Materials and methods

Data of patients diagnosed with RMS from 1983 to 2013 were extracted from the Surveillance, Epidemiology, and End Results (SEER) database. The SEER database holds only anonymized data, which are freely available. We used a SEER*Stat (version 8.3.5) Case Listing session to generate a matrix of all individuals diagnosed with RMS in the database. A selection query was designed to retrieve all RMS cases based on the ICD for Oncology, version 3 (ICD-O-3) histology codes. This involved the following: RMS, not otherwise specified (NOS) 8900/3; pleomorphic RMS, adult-type 8901/3; mixed-type RMS 8902/3; embryonal RMS 8910/3; spindle cell RMS 8912/3; and alveolar RMS 8920/3. The site codes were C49.1 (upper limb and shoulder) and C49.2 (lower limb and hip).

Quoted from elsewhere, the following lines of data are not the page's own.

lemma det_mat_cong:
  assumes "\<And>i j. i < n \<Longrightarrow> j < n \<Longrightarrow> f (i, j) = g (i, j)"
  shows "det (mat n n f) = det (mat n n g)"
proof -
  have "mat n n f = mat n n g" by (rule eq_matI) (use assms in auto)
  then show ?thesis by simp
qed

lemma det_mat_transpose: "det (mat n n (\<lambda>(i, j). M j i)) = det (mat n n (\<lambda>(i, j). M i j))"
proof -
  have "mat n n (\<lambda>(i, j). M j i) = transpose_mat (mat n n (\<lambda>(i, j). M i j))"
    by (rule eq_matI) auto
  then show ?thesis by (metis det_transpose mat_carrier)
qed

lemma det_mat_scale_rows:
  "det (mat n n (\<lambda>(i, j). a i * M i j)) = (\<Prod>i<n. a i) * det (mat n n (\<lambda>(i, j). M i j))"
proof -
  have "det (mat n n (\<lambda>(i, j). a i * M i j)) =
      (\<Sum>p | p permutes {0..<n}. signof p * (\<Prod>i = 0..<n. a i * M i (p i)))"
    by (simp add: det_mat_leibniz)
  also have "\<dots> = (\<Sum>p | p permutes {0..<n}. (\<Prod>i<n. a i) * (signof p * (\<Prod>i = 0..<n. M i (p i))))"
    by (intro sum.cong refl) (simp add: prod.distrib atLeast0LessThan mult_ac)
  also have "\<dots> = (\<Prod>i<n. a i) * det (mat n n (\<lambda>(i, j). M i j))"
    by (simp add: det_mat_leibniz sum_distrib_left)
  finally show ?thesis .
qed

lemma det_mat_scale_cols:
  "det (mat n n (\<lambda>(i, j). b j * M i j)) = (\<Prod>j<n. b j) * det (mat n n (\<lambda>(i, j). M i j))"
proof -
  have "det (mat n n (\<lambda>(i, j). b j * M i j)) = det (mat n n (\<lambda>(i, j). b i * M j i))"
    by (rule det_mat_transpose[of n "\<lambda>i j. b i * M j i"])
  also have "\<dots> = (\<Prod>j<n. b j) * det (mat n n (\<lambda>(i, j). M j i))"
    by (rule det_mat_scale_rows)
  also have "det (mat n n (\<lambda>(i, j). M j i)) = det (mat n n (\<lambda>(i, j). M i j))"
    by (rule det_mat_transpose)
  finally show ?thesis .
qed

lemma det_mat_sum_rows:
  fixes g :: "nat \<Rightarrow> nat \<Rightarrow> 'b \<Rightarrow> 'a::comm_ring_1"
  assumes "\<And>i. i < n \<Longrightarrow> finite (K i)"
  shows "det (mat n n (\<lambda>(i, j). \<Sum>k\<in>K i. g i j k)) =
         (\<Sum>c\<in>PiE {0..<n} K. det (mat n n (\<lambda>(i, j). g i j (c i))))"
proof -
  let ?P = "{p. p permutes {0..<n}}"
  have "(\<Prod>i = 0..<n. \<Sum>k\<in>K i. g i (p i) k) = (\<Sum>c\<in>PiE {0..<n} K. \<Prod>i = 0..<n. g i (p i) (c i))" for p
    by (rule prod_sum_PiE) (use assms in auto)
  then have "det (mat n n (\<lambda>(i, j). \<Sum>k\<in>K i. g i j k)) =
      (\<Sum>p\<in>?P. signof p * (\<Sum>c\<in>PiE {0..<n} K. \<Prod>i = 0..<n. g i (p i) (c i)))"
    by (simp add: det_mat_leibniz)
  also have "\<dots> = (\<Sum>c\<in>PiE {0..<n} K. \<Sum>p\<in>?P. signof p * (\<Prod>i = 0..<n. g i (p i) (c i)))"
    by (simp add: sum_distrib_left sum.swap[of _ ?P])
  finally show ?thesis by (simp add: det_mat_leibniz)
qed

lemma det_mat_sum_cols:
  fixes g :: "nat \<Rightarrow> nat \<Rightarrow> 'b \<Rightarrow> 'a::comm_ring_1"
  assumes "\<And>j. j < n \<Longrightarrow> finite (K j)"
  shows "det (mat n n (\<lambda>(i, j). \<Sum>k\<in>K j. g i j k)) =
         (\<Sum>c\<in>PiE {0..<n} K. det (mat n n (\<lambda>(i, j). g i j (c j))))"
proof -
  have "det (mat n n (\<lambda>(i, j). \<Sum>k\<in>K j. g i j k)) = det (mat n n (\<lambda>(i, j). \<Sum>k\<in>K i. g j i k))"
    by (rule det_mat_transpose[of n "\<lambda>i j. \<Sum>k\<in>K i. g j i k"])
  also have "\<dots> = (\<Sum>c\<in>PiE {0..<n} K. det (mat n n (\<lambda>(i, j). g j i (c i))))"
    by (rule det_mat_sum_rows) (rule assms)
  also have "\<dots> = (\<Sum>c\<in>PiE {0..<n} K. det (mat n n (\<lambda>(i, j). g i j (c j))))"
    by (intro sum.cong refl) (rule det_mat_transpose)
  finally show ?thesis .
qed

lemma det_mat_zero_col:
  assumes "j < n" and "\<And>i. i < n \<Longrightarrow> f (i, j) = 0"
  shows "det (mat n n f) = (0::'a::comm_ring_1)"
  using laplace_expansion_column[of "mat n n f" n j] assms by simp

lemma det_mat_eq_adjacent_cols:
  assumes "Suc j < n" and "\<And>i. i < n \<Longrightarrow> f (i, j) = f (i, Suc j)"
  shows "det (mat n n f) = (0::'a::comm_ring_1)"
  by (rule det_identical_columns[of _ n j "Suc j"]) (use assms in \<open>auto simp: col_def\<close>)

text \<open>Subtracting from every column a multiple of the next one is right multiplication by a
  unitriangular matrix.\<close>

lemma det_mat_sub_next_col:
  fixes M :: "nat \<Rightarrow> nat \<Rightarrow> 'a::comm_ring_1"
  shows "det (mat n n (\<lambda>(i, j). M i j - (if Suc j < n then c j * M i (Suc j) else 0))) =
         det (mat n n (\<lambda>(i, j). M i j))"
proof -
  let ?U = "mat n n (\<lambda>(k, j). if k = j then 1 else if k = Suc j then - c j else (0::'a))"
  have U: "?U \<in> carrier_mat n n" by simp
  have dU: "det ?U = 1"
  proof -
    have "det ?U = prod_list (diag_mat ?U)"
      by (rule det_lower_triangular[of n]) auto
    also have "diag_mat ?U = map (\<lambda>_. 1) [0..<n]"
      by (auto simp: diag_mat_def)
    also have "prod_list (map (\<lambda>_. (1::'a)) [0..<n]) = 1"
      by (induct n) auto
    finally show ?thesis .
  qed
  have eq: "mat n n (\<lambda>(i, j). M i j - (if Suc j < n then c j * M i (Suc j) else 0)) =
        mat n n (\<lambda>(i, j). M i j) * ?U"
  proof (rule eq_matI)
    fix i j assume i: "i < dim_row (mat n n (\<lambda>(i, j). M i j) * ?U)" and j: "j < dim_col (mat n n (\<lambda>(i, j). M i j) * ?U)"
    hence i: "i < n" and j: "j < n" by auto
    have "(mat n n (\<lambda>(i, j). M i j) * ?U) $$ (i, j) = (\<Sum>k = 0..<n. M i k * ?U $$ (k, j))"
      using i j by (simp add: scalar_prod_def)
    also have "\<dots> = (\<Sum>k = 0..<n. (if k = j then M i j else 0) + (if k = Suc j then - c j * M i (Suc j) else 0))"
      using j by (intro sum.cong refl) auto
    also have "\<dots> = M i j - (if Suc j < n then c j * M i (Suc j) else 0)"
      using j by (simp add: sum.distrib)
    finally show "mat n n (\<lambda>(i, j). M i j - (if Suc j < n then c j * M i (Suc j) else 0)) $$ (i, j) =
        (mat n n (\<lambda>(i, j). M i j) * ?U) $$ (i, j)" using i j by simp
  qed auto
  show ?thesis unfolding eq by (subst det_mult[OF _ U]) (auto simp: dU)
qed

text \<open>With e m = 1 and e j = c j * e (Suc j), subtracting c j times column j+1 from column j
  clears the last row except for its final entry.\<close>

lemma det_mat_expand_last_row:
  fixes P :: "nat \<Rightarrow> nat \<Rightarrow> 'a::comm_ring_1"
  assumes e1: "e m = 1" and ec: "\<And>j. j < m \<Longrightarrow> e j = c j * e (Suc j)"
  shows "det (mat (Suc m) (Suc m) (\<lambda>(i, j). if i < m then P i j else e j)) =
         det (mat m m (\<lambda>(i, j). P i j - c j * P i (Suc j)))"
proof -
  let ?M = "\<lambda>i j. if i < m then P i j else e j"
  let ?N = "mat (Suc m) (Suc m) (\<lambda>(i, j). ?M i j - (if Suc j < Suc m then c j * ?M i (Suc j) else 0))"
  have "det (mat (Suc m) (Suc m) (\<lambda>(i, j). ?M i j)) = det ?N"
    by (rule det_mat_sub_next_col[symmetric])
  also have "det ?N = (\<Sum>j<Suc m. ?N $$ (m, j) * cofactor ?N m j)"
    by (rule laplace_expansion_row) auto
  also have "\<dots> = (\<Sum>j<Suc m. (if j = m then cofactor ?N m m else 0))"
    by (intro sum.cong refl) (auto simp: ec e1)
  also have "\<dots> = cofactor ?N m m" by simp
  also have "\<dots> = det (mat_delete ?N m m)" by (simp add: cofactor_def)
  also have "mat_delete ?N m m = mat m m (\<lambda>(i, j). P i j - c j * P i (Suc j))"
    by (rule eq_matI) (auto simp: mat_delete_def)
  finally show ?thesis by simp
qed

subsection \<open>The symplectic alternant and its branching\<close>

definition pow_sub_inv :: "nat \<Rightarrow> 'a::field \<Rightarrow> 'a" where
  "pow_sub_inv k u = u ^ k - inverse u ^ k"

definition pow_sub_inv_shift :: "'a::field \<Rightarrow> nat \<Rightarrow> 'a \<Rightarrow> 'a" where
  "pow_sub_inv_shift z k u = pow_sub_inv (Suc k) u - inverse z * pow_sub_inv k u"

lemma pow_sub_inv_0 [simp]: "pow_sub_inv 0 u = 0"
  by (simp add: pow_sub_inv_def)

lemma pow_sub_inv_step:
  fixes u z :: "'a::field"
  assumes "u \<noteq> 0" and "z \<noteq> 0"
  shows "(u + inverse u - z - inverse z) * pow_sub_inv (Suc k) u =
         pow_sub_inv_shift z (Suc k) u - z * pow_sub_inv_shift z k u"
  using assms by (simp add: pow_sub_inv_shift_def pow_sub_inv_def field_simps)

lemma pow_sub_inv_shift_self:
  assumes "z \<noteq> 0"
  shows "pow_sub_inv_shift z k z = (z - inverse z) * z ^ k"
  using assms by (simp add: pow_sub_inv_shift_def pow_sub_inv_def field_simps)

lemma sum_telescope_geometric:
  fixes \<phi> :: "nat \<Rightarrow> 'a::comm_ring_1"
  assumes "p \<le> q"
  shows "(\<Sum>a\<in>{p..q}. w ^ (q - a) * (\<phi> (Suc a) - w * \<phi> a)) = \<phi> (Suc q) - w ^ Suc (q - p) * \<phi> p"
proof -
  obtain d where q: "q = p + d" using assms le_Suc_ex by blast
  have "(\<Sum>a\<in>{p..p + d}. w ^ (p + d - a) * (\<phi> (Suc a) - w * \<phi> a)) = \<phi> (Suc (p + d)) - w ^ Suc d * \<phi> p"
  proof (induction d)
    case (Suc d)
    have "(\<Sum>a\<in>{p..p + d}. w ^ (p + Suc d - a) * (\<phi> (Suc a) - w * \<phi> a)) =
        w * (\<Sum>a\<in>{p..p + d}. w ^ (p + d - a) * (\<phi> (Suc a) - w * \<phi> a))"
      unfolding sum_distrib_left by (intro sum.cong refl) (simp add: Suc_diff_le)
    then have "(\<Sum>a\<in>{p..p + Suc d}. w ^ (p + Suc d - a) * (\<phi> (Suc a) - w * \<phi> a)) =
        (\<phi> (Suc (Suc (p + d))) - w * \<phi> (Suc (p + d))) + w * (\<phi> (Suc (p + d)) - w ^ Suc d * \<phi> p)"
      by (simp add: atLeastAtMostSuc_conv Suc.IH)
    then show ?case by (simp add: algebra_simps)
  qed simp
  then show ?thesis by (simp add: q)
qed

text \<open>Rows and columns are 0-indexed, so the exponent s j + n - j is the paper's
  \<lambda>_(j+1) + n - (j+1) + 1.\<close>

definition sp_alternant :: "(nat \<Rightarrow> 'a::field) \<Rightarrow> nat \<Rightarrow> (nat \<Rightarrow> nat) \<Rightarrow> 'a" where
  "sp_alternant X n s = det (mat n n (\<lambda>(i, j). pow_sub_inv (s j + n - j) (X i)))"

lemma sp_alternant_cong: "(\<And>j. j < n \<Longrightarrow> s j = s' j) \<Longrightarrow> sp_alternant X n s = sp_alternant X n s'"
  unfolding sp_alternant_def by (rule det_mat_cong) auto

text \<open>Shapes \<mu> with s/\<mu> a horizontal strip, and with row r empty when K \<le> 2r: the shapes
  left over when the letter K is deleted from a King tableau of shape s with letters \<le> K
  (letter 2i stands for x_(i+1), letter 2i+1 for its inverse).\<close>

definition branch_shapes :: "nat \<Rightarrow> nat \<Rightarrow> (nat \<Rightarrow> nat) \<Rightarrow> (nat \<Rightarrow> nat) set" where
  "branch_shapes K n s = {\<mu>. (\<forall>r<n. s (Suc r) \<le> \<mu> r \<and> \<mu> r \<le> s r \<and> (K \<le> 2*r \<longrightarrow> \<mu> r = 0)) \<and>
                            (\<forall>r. n \<le> r \<longrightarrow> \<mu> r = 0)}"

lemma branch_shapes_Suc:
  assumes "K \<le> 2*m" and "s (Suc m) = 0"
  shows "branch_shapes K (Suc m) s = branch_shapes K m s"
proof -
  have "\<mu> \<in> branch_shapes K (Suc m) s \<longleftrightarrow> \<mu> \<in> branch_shapes K m s" for \<mu>
  proof
    assume \<mu>: "\<mu> \<in> branch_shapes K (Suc m) s"
    then have "\<mu> m = 0" using assms(1) by (auto simp: branch_shapes_def)
    then have "\<mu> r = 0" if "m \<le> r" for r
      using \<mu> that by (cases "r = m") (auto simp: branch_shapes_def)
    with \<mu> show "\<mu> \<in> branch_shapes K m s"
      by (auto simp: branch_shapes_def)
  next
    assume "\<mu> \<in> branch_shapes K m s"
    then show "\<mu> \<in> branch_shapes K (Suc m) s"
      using assms(2) by (auto simp: branch_shapes_def less_Suc_eq)
  qed
  then show ?thesis by blast
qed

All included patients have been diagnosed by histological confirmation based on biopsy or surgical pathology. The other exclusion criteria were as follows: unknown SEER tumor stage, unknown tumor size, and unknown therapeutic information.

SPSS statistical software (version 21.0) and Microsoft Excel 2016 were used to analyze the data. Overall survival (OS) was defined as the time from diagnosis to death from any cause, and cancer-specific survival (CSS) was defined as the time from diagnosis to death specific to the cancer-related diagnosis. Demographic and clinical characteristics in the analysis included age at diagnosis (<20, 20–40, and >40 years), gender, tumor location (upper and lower limbs), decade of diagnosis (before the 2000s and in or after the 2000s), tumor stage (localized, regional, and distant), tumor size (<5, 5–10, and >10 cm), vital status, and radiation therapy (RT). We used “SEER Historic Stage A” to define the tumor stage. “Localized” was defined as an invasive neoplasm confined entirely to the organ of origin, but including intraluminal extension where specified. “Regional” was defined as a neoplasm that had extended 1) beyond the limits of the organ of origin directly into surrounding organs or tissues; 2) into regional lymph nodes via the lymphatic system; or 3) by a combination of extension and regional lymph nodes. “Distant” was defined as a neoplasm that had spread to parts of the body remote from the primary tumor either by direct extension or by discontinuous metastasis (eg, implantation or seeding) to distant organs, tissues, or (via the lymphatic system) to distant lymph nodes.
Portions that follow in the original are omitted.